Camille Kotton, MD • Massachusetts General Hospital

Camille Nelson Kotton MD is the clinical director of the Transplant Infectious Disease and Compromised Host Program at the Massachusetts General Hospital, and Associate Professor of Medicine, Harvard Medical School, Boston, Massachusetts. She also leads the outpatient Transplant Infectious Disease Clinic. She is the current co-chair of The Infectious Disease Community of Practice of The American Society of Transplantation.

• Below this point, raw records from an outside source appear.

(* Let $d,r$ be positive integers, let $n=dr$, and let $\alpha\in\mathcal S_n$ have cycle structure $d^r$ (i.e. $r$ disjoint cycles each of length $d$). Then $(\alpha,\alpha,\alpha;(12))\in\mathrm{Par}(n)$ if and only if $d\not\equiv2\pmod 4$.
   Context: A Latin square of order $n$ is an $n\times n$ array with rows, columns and symbols indexed by $[n]$, each symbol occurring once in each row and each column, with triple set $O(L)$. Permutations act on the right. A paratopism $(\alpha,\beta,\gamma;(12))$ maps $L$ to $L^\sigma$ with triple set $\{(y\beta,x\alpha,z\gamma):(x,y,z)\in O(L)\}$; it is an autoparatopism of $L$ if $L^\sigma=L$. $\mathrm{Par}(n)$ is the set of paratopisms that are autoparatopisms of at least one Latin square of order $n$. *)

theory Defs
  imports "HOL-Combinatorics.Permutations"
begin

text \<open>Latin squares of order n with rows, columns, symbols indexed by {0..<n}
  (a relabelling of [n]). A Latin square is given by its entry function L,
  with triple set O(L) = {(x, y, L x y) | x y < n}.\<close>

definition latin_square :: "nat \<Rightarrow> (nat \<Rightarrow> nat \<Rightarrow> nat) \<Rightarrow> bool" where
  "latin_square n L \<longleftrightarrow>
     (\<forall>x<n. \<forall>y<n. L x y < n) \<and>
     (\<forall>x<n. inj_on (\<lambda>y. L x y) {0..<n}) \<and>
     (\<forall>y<n. inj_on (\<lambda>x. L x y) {0..<n})"

definition triples :: "nat \<Rightarrow> (nat \<Rightarrow> nat \<Rightarrow> nat) \<Rightarrow> (nat \<times> nat \<times> nat) set" where
  "triples n L = {(x, y, L x y) | x y. x < n \<and> y < n}"

text \<open>Image of L under the paratopism (alpha, beta, gamma; (12)): triple set
  {(y beta, x alpha, z gamma) : (x,y,z) in O(L)}. Permutations act on the right,
  so x alpha is written alpha x.\<close>

definition paratopism12_image ::
  "(nat \<Rightarrow> nat) \<Rightarrow> (nat \<Rightarrow> nat) \<Rightarrow> (nat \<Rightarrow> nat) \<Rightarrow> (nat \<times> nat \<times> nat) set \<Rightarrow> (nat \<times> nat \<times> nat) set" where
  "paratopism12_image \<alpha> \<beta> \<gamma> T = {(\<beta> y, \<alpha> x, \<gamma> z) | x y z. (x, y, z) \<in> T}"

definition autoparatopism12 ::
  "nat \<Rightarrow> (nat \<Rightarrow> nat) \<Rightarrow> (nat \<Rightarrow> nat) \<Rightarrow> (nat \<Rightarrow> nat) \<Rightarrow> (nat \<Rightarrow> nat \<Rightarrow> nat) \<Rightarrow> bool" where
  "autoparatopism12 n \<alpha> \<beta> \<gamma> L \<longleftrightarrow>
     paratopism12_image \<alpha> \<beta> \<gamma> (triples n L) = triples n L"

definition in_Par12 :: "nat \<Rightarrow> (nat \<Rightarrow> nat) \<Rightarrow> (nat \<Rightarrow> nat) \<Rightarrow> (nat \<Rightarrow> nat) \<Rightarrow> bool" where
  "in_Par12 n \<alpha> \<beta> \<gamma> \<longleftrightarrow>
     (\<exists>L. latin_square n L \<and> autoparatopism12 n \<alpha> \<beta> \<gamma> L)"

text \<open>alpha in S_n has cycle structure d^r: it consists of exactly r disjoint
  cycles, each of length d, i.e. every point of {0..<n} lies on a cycle of
  length exactly d, and (with n = d r) there are r such cycles.\<close>

definition cycle_structure_uniform :: "nat \<Rightarrow> (nat \<Rightarrow> nat) \<Rightarrow> nat \<Rightarrow> nat \<Rightarrow> bool" where
  "cycle_structure_uniform n \<alpha> d r \<longleftrightarrow>
     \<alpha> permutes {0..<n} \<and> n = d * r \<and>
     (\<forall>x<n. card {(\<alpha> ^^ k) x | k. True} = d)"

end

theory Submission
  imports Defs "HOL-Combinatorics.Orbits" "HOL-Number_Theory.Cong"
begin

(*
  The autoparatopism (\<alpha>, \<alpha>, \<alpha>; (12)) of L is the equation L (\<alpha> y) (\<alpha> x) = \<alpha> (L x y).
  Iterating it an odd number e of times gives L (\<alpha>^e y) (\<alpha>^e x) = \<alpha>^e (L x y). If d = 2 e with
  e odd, put y = \<alpha>^e x: then \<alpha>^e y = x, so \<alpha>^e fixes the symbol L x y, although every
  cycle of \<alpha> has length d > e.

  Conversely, \<alpha> is conjugate to the rotation of each block of d consecutive integers, and
  conjugation transports Latin squares, so it suffices to treat that block rotation. A square for it
  is the direct product of the symmetric cyclic square of order r with a square A of order d
  satisfying A (y + 1) (x + 1) = A x y + 1 (mod d). Such an A has the form
  A x y = x + h x (y - x) (mod d): for odd d with h t = t / 2, and for 4 dvd d with an offset h x
  that depends on the parity of x.
*)

section \<open>The autoparatopism equation\<close>

definition transpose_equivariant :: "nat \<Rightarrow> (nat \<Rightarrow> nat) \<Rightarrow> (nat \<Rightarrow> nat \<Rightarrow> nat) \<Rightarrow> bool" where
  "transpose_equivariant n f L \<longleftrightarrow> (\<forall>x<n. \<forall>y<n. L (f y) (f x) = f (L x y))"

She serves on The Disease Transmission Advisory Committee for The United Network Organ Sharing, The Advisory Committee on Blood and Tissue Safety and Availability, and is a contributing member for World Health Organization (WHO) Project NOTIFY (Donor Derived Infections). From 2007-2013 she was the president of The Transplant Infectious Disease Section of The Transplantation Society. Highlights of her time as president include the development of international guidelines on CMV management after solid organ transplant, followed by an updated version, published in Transplantation (2010 and 2013). She has also organized and contributed significantly to a meeting on management of tuberculosis issues in organ donors, recently published in the American Journal of Transplantation. In addition, she organized and led five international Transplant Infectious Disease meetings (Vancouver, 2010; Glasgow, 2011; Berlin, 2012; Vienna, 2013; Barcelona, 2014), and organized an international group of experts on the topic of transplant infectious disease in composite tissue allografts, for which they are actively developing guidelines for clinical management. Her clinical interests include cytomegalovirus, donor-derived infections, zoonoses, and travel and tropical medicine in the transplant setting.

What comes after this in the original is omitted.